A whole heart is emotionally healed. Scripture highlights how God is an emotional God, an expressive God. Jesus showed righteous anger when He overthrew the tables and cleansed the temple, but He also wept from compassion for Mary when Lazarus died. He had joy when the children came – “Let the little children come to Me.” Kids are only going to run to a happy, loving person. Kids don’t usually follow grumpy people. We want to be able to be like Christ in every situation and in every way.

  1. Guardian

Now, our Guardian part of our heart is the protector part of us. Proverbs 4:23 says, “Guard your heart, for out of it flows the wellspring of life itself.” The guardian part of our heart is our defense mechanism. A healthy Guardian is like a screen on a window: it lets the air in, but it keeps the bugs out. We need a filtering process around our heart. We need Guardian to filter lies from the truth – let the truth in and keep the lies out.

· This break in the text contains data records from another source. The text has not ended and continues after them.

(* Let $k\ge 1$, let $(\varphi,G,H)$ be a $k$-orbit-form and $\sigma$ a $k$-molecule over $I$. Then for every automorphism $\pi\in\mathrm{Aut}(I)$ we have $\pi\big((\varphi,G,H)*\sigma\big)=(\varphi,G,H)*\pi\sigma$.
   Context: $I$ is a finite set of atoms partitioned into a finite set $C$ of colours. $\mathrm{Sym}(I)$ is the group of all permutations of $I$, and $\mathrm{Aut}(I)\subseteq\mathrm{Sym}(I)$ the subgroup of permutations mapping each colour onto itself. Permutations act on hereditarily finite sets over $I$ by $\theta(x)=\{\theta(y)\mid y\in x\}$; for a set $G$ of permutations and object $x$, $G(x)=Gx=\{g(x)\mid g\in G\}$. A $k$-molecule is an injective map $\sigma:\{0,\dots,k-1\}\to I$; $\pi\sigma$ denotes composition. The configuration $\mathit{conf}(\sigma_0,\dots,\sigma_{\ell-1})$ of a sequence of $k$-molecules is the pair $(\sim,col)$ where $\sim$ is the equivalence relation on $\{0,\dots,\ell-1\}\times\{0,\dots,k-1\}$ with $(i,p)\sim(j,q)$ iff $\sigma_i(p)=\sigma_j(q)$, and $col(i,p)$ is the colour containing $\sigma_i(p)$. An abstract $\ell$-configuration is a pair $(\sim,col)$ with $\sim$ an equivalence relation on $\{0,\dots,\ell-1\}\times\{0,\dots,k-1\}$ such that $(i,p)\sim(i,q)\Leftrightarrow p=q$, and $col:\{0,\dots,\ell-1\}\times\{0,\dots,k-1\}\to C$ constant on $\sim$-classes. The $k$-forms form the smallest set containing new symbols $c_0,\dots,c_{k-1}$ and all finite sets $\{(\varphi_i,E_i)\mid 1\le i\le n\}$ with $\varphi_i$ $k$-forms and $E_i$ abstract 2-configurations. For a $k$-form $\varphi$ and $k$-molecule $\sigma$: $c_p*\sigma=\sigma(p)$, and for $\varphi=\{(\varphi_i,E_i)\mid 1\le i\le n\}$, $\varphi*\sigma=\{\varphi_i*\tau\mid 1\le i\le n,\ \tau \text{ a }k\text{-molecule with } E_i=\mathit{conf}(\tau,\sigma)\}$. A $k$-orbit-form is a triple $(\varphi,G,H)$ with $\varphi$ a $k$-form and $H\subseteq G\subseteq\mathrm{Sym}(I)$ subgroups commuting with $\mathrm{Aut}(I)$ in the sense $\pi G=G\pi$ and $\pi H=H\pi$ for all $\pi\in\mathrm{Aut}(I)$. Define $(\varphi,G,H)*\sigma=G\big(\bigcup_{h\in H}\varphi*h\sigma\big)$, where for $\varphi=c_p$ and $H\neq 1$ the term $\varphi*h\sigma$ inside the union is understood as $\{c_p*h\sigma\}$. *)

theory Defs
  imports Main "HOL-Library.FSet" "HOL-Library.Disjoint_Sets" "HOL-Combinatorics.Permutations"
begin

(* Hereditarily finite sets over atoms of type 'a *)
datatype 'a hf = Atom 'a | HSet "'a hf fset"

abbreviation hf_act :: "('a \<Rightarrow> 'a) \<Rightarrow> 'a hf \<Rightarrow> 'a hf" where
  "hf_act \<theta> x \<equiv> map_hf \<theta> x"

fun hf_elems :: "'a hf \<Rightarrow> 'a hf set" where
  "hf_elems (Atom a) = {}"
| "hf_elems (HSet s) = fset s"

definition hf_of_set :: "'a hf set \<Rightarrow> 'a hf" where
  "hf_of_set S = HSet (Abs_fset S)"

definition Sym :: "'a set \<Rightarrow> ('a \<Rightarrow> 'a) set" where
  "Sym I = {p. p permutes I}"

definition Aut :: "'a set \<Rightarrow> 'a set set \<Rightarrow> ('a \<Rightarrow> 'a) set" where
  "Aut I Cs = {p \<in> Sym I. \<forall>c\<in>Cs. p ` c = c}"

definition sym_subgroup :: "'a set \<Rightarrow> ('a \<Rightarrow> 'a) set \<Rightarrow> bool" where
  "sym_subgroup I G \<longleftrightarrow> G \<subseteq> Sym I \<and> id \<in> G \<and>
     (\<forall>g\<in>G. \<forall>h\<in>G. g \<circ> h \<in> G) \<and> (\<forall>g\<in>G. inv g \<in> G)"

definition commutes_Aut :: "'a set \<Rightarrow> 'a set set \<Rightarrow> ('a \<Rightarrow> 'a) set \<Rightarrow> bool" where
  "commutes_Aut I Cs G \<longleftrightarrow> (\<forall>\<pi>\<in>Aut I Cs. (\<lambda>g. \<pi> \<circ> g) ` G = (\<lambda>g. g \<circ> \<pi>) ` G)"

(* a k-molecule: injective map {0..k-1} -> I, represented as a distinct list of length k *)
definition molecule :: "'a set \<Rightarrow> nat \<Rightarrow> 'a list \<Rightarrow> bool" where
  "molecule I k \<sigma> \<longleftrightarrow> length \<sigma> = k \<and> distinct \<sigma> \<and> set \<sigma> \<subseteq> I"

(* configurations: equivalence relation on {0..l-1} x {0..k-1} and colouring
   (colouring is {} outside the domain, for a canonical representation) *)
type_synonym 'a config = "((nat \<times> nat) \<times> (nat \<times> nat)) set \<times> (nat \<times> nat \<Rightarrow> 'a set)"

definition conf :: "'a set set \<Rightarrow> nat \<Rightarrow> 'a list list \<Rightarrow> 'a config" where
  "conf Cs k ss =
     ({((i,p),(j,q)). i < length ss \<and> j < length ss \<and> p < k \<and> q < k \<and> ss!i!p = ss!j!q},
      (\<lambda>(i,p). if i < length ss \<and> p < k then (THE c. c \<in> Cs \<and> ss!i!p \<in> c) else {}))"

definition abstract_conf :: "'a set set \<Rightarrow> nat \<Rightarrow> nat \<Rightarrow> 'a config \<Rightarrow> bool" where
  "abstract_conf Cs k l E \<longleftrightarrow>
     (let D = {..<l} \<times> {..<k}; R = fst E; col = snd E in
       equiv D R \<and>
       (\<forall>i<l. \<forall>p<k. \<forall>q<k. ((i,p),(i,q)) \<in> R \<longleftrightarrow> p = q) \<and>
       (\<forall>x\<in>D. col x \<in> Cs) \<and> (\<forall>x. x \<notin> D \<longrightarrow> col x = {}) \<and>
       (\<forall>(x,y)\<in>R. col x = col y))"

(* k-forms: symbols c_p, and finite sets of pairs (form, abstract 2-configuration) *)
datatype 'a form = C nat | Form "('a form \<times> 'a config) fset"

primrec wf_form :: "'a set set \<Rightarrow> nat \<Rightarrow> 'a form \<Rightarrow> bool" where
  "wf_form Cs k (C p) = (p < k)"
| "wf_form Cs k (Form S) =
     (\<forall>(b,E)\<in>fset (fimage (map_prod (wf_form Cs k) id) S). b \<and> abstract_conf Cs k 2 E)"

primrec form_eval :: "'a set \<Rightarrow> 'a set set \<Rightarrow> nat \<Rightarrow> 'a form \<Rightarrow> 'a list \<Rightarrow> 'a hf" where
  "form_eval I Cs k (C p) = (\<lambda>\<sigma>. Atom (\<sigma> ! p))"
| "form_eval I Cs k (Form S) = (\<lambda>\<sigma>. hf_of_set
     (\<Union>(f,E)\<in>fset (fimage (map_prod (form_eval I Cs k) id) S).
        {f \<tau> | \<tau>. molecule I k \<tau> \<and> E = conf Cs k [\<tau>, \<sigma>]}))"

definition orbit_form :: "'a set \<Rightarrow> 'a set set \<Rightarrow> nat \<Rightarrow> 'a form \<Rightarrow> ('a \<Rightarrow> 'a) set \<Rightarrow> ('a \<Rightarrow> 'a) set \<Rightarrow> bool" where
  "orbit_form I Cs k \<phi> G H \<longleftrightarrow> wf_form Cs k \<phi> \<and> sym_subgroup I G \<and> sym_subgroup I H \<and> H \<subseteq> G \<and>
     commutes_Aut I Cs G \<and> commutes_Aut I Cs H"

(* the union  U_{h in H} phi * h sigma, with the stated convention for phi = c_p *)
definition orbit_union :: "'a set \<Rightarrow> 'a set set \<Rightarrow> nat \<Rightarrow> 'a form \<Rightarrow> ('a \<Rightarrow> 'a) set \<Rightarrow> 'a list \<Rightarrow> 'a hf" where
  "orbit_union I Cs k \<phi> H \<sigma> =
     (case \<phi> of
        C p \<Rightarrow> (if H = {id} then form_eval I Cs k \<phi> \<sigma>
                 else hf_of_set {form_eval I Cs k \<phi> (map h \<sigma>) | h. h \<in> H})
      | Form S \<Rightarrow> hf_of_set (\<Union>h\<in>H. hf_elems (form_eval I Cs k \<phi> (map h \<sigma>))))"

definition orbit_eval :: "'a set \<Rightarrow> 'a set set \<Rightarrow> nat \<Rightarrow> 'a form \<Rightarrow> ('a \<Rightarrow> 'a) set \<Rightarrow> ('a \<Rightarrow> 'a) set \<Rightarrow> 'a list \<Rightarrow> 'a hf" where
  "orbit_eval I Cs k \<phi> G H \<sigma> = hf_of_set ((\<lambda>g. hf_act g (orbit_union I Cs k \<phi> H \<sigma>)) ` G)"

end

theory Submission imports Defs begin

text \<open>An automorphism preserves every colour and is a bijection on molecules, so it maps
the molecules in a given configuration with \<open>\<sigma>\<close> onto those in the same configuration
with \<open>\<pi>\<sigma>\<close>; by induction on forms this gives \<open>\<pi>(\<phi> * \<sigma>) = \<phi> * \<pi>\<sigma>\<close>. For orbit-forms the
remaining step is to move \<open>\<pi>\<close> past the group elements: \<open>\<pi>g\<close> ranges over \<open>\<pi>G = G\<pi>\<close>
exactly as \<open>g\<pi>\<close> does, and likewise for \<open>H\<close>.\<close>

lemma hf_act_hf_of_set:
  assumes "finite X"
  shows "hf_act \<pi> (hf_of_set X) = hf_of_set (hf_act \<pi> ` X)"
  using assms by (simp add: hf_of_set_def fimage.abs_eq eq_onp_def)

lemma hf_elems_hf_act: "hf_elems (hf_act \<pi> x) = hf_act \<pi> ` hf_elems x"
  by (cases x) simp_all

lemma finite_hf_elems: "finite (hf_elems x)"
  by (cases x) simp_all

lemma image_comp_commute:
  assumes "(\<lambda>g. \<pi> \<circ> g) ` G = (\<lambda>g. g \<circ> \<pi>) ` G"
  shows "(\<lambda>g. F (\<pi> \<circ> g)) ` G = (\<lambda>g. F (g \<circ> \<pi>)) ` G"
  using arg_cong[OF assms, of "image F"] by (simp add: image_image)

lemma finite_sym_subgroup: "finite I \<Longrightarrow> sym_subgroup I G \<Longrightarrow> finite G"
  unfolding sym_subgroup_def Sym_def by (metis finite_permutations finite_subset)

lemma Aut_permutes: "\<pi> \<in> Aut I Cs \<Longrightarrow> \<pi> permutes I"
  by (simp add: Aut_def Sym_def)

lemma Aut_image_colour: "\<pi> \<in> Aut I Cs \<Longrightarrow> c \<in> Cs \<Longrightarrow> \<pi> ` c = c"
  by (simp add: Aut_def)

lemma Aut_inv:
  assumes "\<pi> \<in> Aut I Cs"
  shows "inv \<pi> \<in> Aut I Cs"
proof -
  have perm: "\<pi> permutes I" using assms by (rule Aut_permutes)
  have "inv \<pi> ` c = c" if "c \<in> Cs" for c
    using image_inv_f_f[OF permutes_inj[OF perm], of c] Aut_image_colour[OF assms that] by simp
  with permutes_inv[OF perm] show ?thesis by (simp add: Aut_def Sym_def)
qed

lemma molecule_map_permutes: "\<pi> permutes I \<Longrightarrow> molecule I k \<tau> \<Longrightarrow> molecule I k (map \<pi> \<tau>)"
  unfolding molecule_def
  by (auto simp: distinct_map permutes_in_image inj_on_subset[OF permutes_inj])

lemma finite_molecules: "finite I \<Longrightarrow> finite {\<tau>. molecule I k \<tau>}"
  by (rule finite_subset[OF _ finite_lists_length_eq[of I k]]) (auto simp: molecule_def)

lemma conf_map_Aut:
  assumes "\<pi> \<in> Aut I Cs" and "\<forall>\<tau>\<in>set ss. k \<le> length \<tau>"
  shows "conf Cs k (map (map \<pi>) ss) = conf Cs k ss"
proof -
  have inj: "inj \<pi>" using permutes_inj[OF Aut_permutes[OF assms(1)]] .
  have nth: "map \<pi> (ss ! i) ! p = \<pi> (ss ! i ! p)" if "i < length ss" "p < k" for i p
    using that assms(2) by (metis nth_map nth_mem order_less_le_trans)
  have colour: "(\<pi> x \<in> c) = (x \<in> c)" if "c \<in> Cs" for x c
    using Aut_image_colour[OF assms(1) that] inj by (metis imageE imageI inj_eq)
  then have "(THE c. c \<in> Cs \<and> \<pi> x \<in> c) = (THE c. c \<in> Cs \<and> x \<in> c)" for x
    by metis
  then show ?thesis
    unfolding conf_def by (auto simp: nth inj_eq[OF inj] fun_eq_iff)
qed

definition molecules_in_conf :: "'a set \<Rightarrow> 'a set set \<Rightarrow> nat \<Rightarrow> 'a config \<Rightarrow> 'a list \<Rightarrow> 'a list set" where
  "molecules_in_conf I Cs k E \<sigma> = {\<tau>. molecule I k \<tau> \<and> E = conf Cs k [\<tau>, \<sigma>]}"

Guardian needs to be able to partner with Jesus to be able to know truth. Our truth filter is Jesus Himself. Our guardian part of our heart needs to partner with Jesus to filter the truth. Oftentimes, Guardian doesn’t. Instead, Guardian becomes a wall – our defense mechanism to protect the emotions so that Function can do all the things I need to do.

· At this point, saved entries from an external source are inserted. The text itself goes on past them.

text \<open>With \<open>Y = B \<Delta> B\<^sup>T\<close> and \<open>C = B\<^sup>-\<^sup>1\<close>, the left-hand side is \<open>g\<^sup>T Y\<^sup>-\<^sup>1 g\<close>, the value of
  \<open>2 g\<^sup>T u - u\<^sup>T Y u\<close> at its maximiser \<open>u = Y\<^sup>-\<^sup>1 g = C\<^sup>T \<Delta>\<^sup>-\<^sup>1 C g\<close>.\<close>

lemma ldl_dual_bound:
  assumes Y: "\<forall>i<n. \<forall>j<n. Y i j = (\<Sum>k<n. B i k * \<delta> k * B j k)" and \<delta>: "\<forall>i<n. 0 < \<delta> i"
    and CB: "\<And>i m. i < n \<Longrightarrow> m < n \<Longrightarrow> (\<Sum>j<n. C i j * B j m) = (if i = m then 1 else 0)"
    and \<tau>: "\<forall>u. 2 * (\<Sum>i<n. g i * u i) - quad_form n Y u \<le> \<tau>"
  shows "(\<Sum>i<n. (\<Sum>l<n. g l * C i l)\<^sup>2 / \<delta> i) \<le> \<tau>"
proof -
  define G where "G = (\<lambda>i. \<Sum>l<n. g l * C i l)"
  define u where "u = (\<lambda>l. \<Sum>i<n. C i l * G i / \<delta> i)"
  have gu: "(\<Sum>l<n. g l * u l) = (\<Sum>i<n. (G i)\<^sup>2 / \<delta> i)"
  proof -
    have "(\<Sum>l<n. g l * u l) = (\<Sum>l<n. \<Sum>i<n. g l * C i l * G i / \<delta> i)"
      unfolding u_def by (simp add: sum_distrib_left mult.assoc)
    also have "\<dots> = (\<Sum>i<n. \<Sum>l<n. g l * C i l * G i / \<delta> i)"
      by (rule sum.swap)
    also have "\<dots> = (\<Sum>i<n. (G i)\<^sup>2 / \<delta> i)"
      unfolding G_def by (simp add: power2_eq_square sum_distrib_right sum_divide_distrib)
    finally show ?thesis .
  qed
  have Bu: "(\<Sum>i<n. B i m * u i) = G m / \<delta> m" if m: "m < n" for m
  proof -
    have "(\<Sum>i<n. B i m * u i) = (\<Sum>i<n. \<Sum>j<n. C j i * B i m * (G j / \<delta> j))"
      unfolding u_def by (simp add: sum_distrib_left algebra_simps)
    also have "\<dots> = (\<Sum>j<n. (\<Sum>i<n. C j i * B i m) * (G j / \<delta> j))"
      by (subst sum.swap) (simp only: sum_distrib_right)
    also have "\<dots> = (\<Sum>j<n. if j = m then G j / \<delta> j else 0)"
      using CB m by (intro sum.cong) auto
    finally show ?thesis using m by simp
  qed
  have "quad_form n Y u = quad_form n (\<lambda>i j. \<Sum>m<n. B i m * \<delta> m * B j m) u"
    unfolding quad_form_def using Y by (intro sum.cong refl) auto
  also have "\<dots> = (\<Sum>m<n. (G m)\<^sup>2 / \<delta> m)"
    unfolding quad_form_ldl using Bu \<delta> by (intro sum.cong refl) (auto simp: power2_eq_square field_simps)
  finally have "quad_form n Y u = (\<Sum>m<n. (G m)\<^sup>2 / \<delta> m)" .
  moreover have "2 * (\<Sum>l<n. g l * u l) - quad_form n Y u \<le> \<tau>" using \<tau> by blast
  ultimately show ?thesis using gu unfolding G_def by simp
qed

Guardian was meant to have relationship with Jesus also. But the motive of Guardian is often, “Oh, I need to keep emotion at bay, so this person can live and survive.” Our Guardian means well, in trying to protect us, but what is it doing? It’s keeping our heart separated. The guardian part of us keeps these two parts (emotion and function) away from one another, instead of us all coming together and being a whole person, a whole heart.

 

We need connection and balance.

We need each part of our heart to work in unity and in balance. And the only way that is going to happen is to connect with Jesus first. When we’re connected with Jesus, then He connects the parts of our heart together in a healthy way, so that we are wholehearted and operating in the best version of us!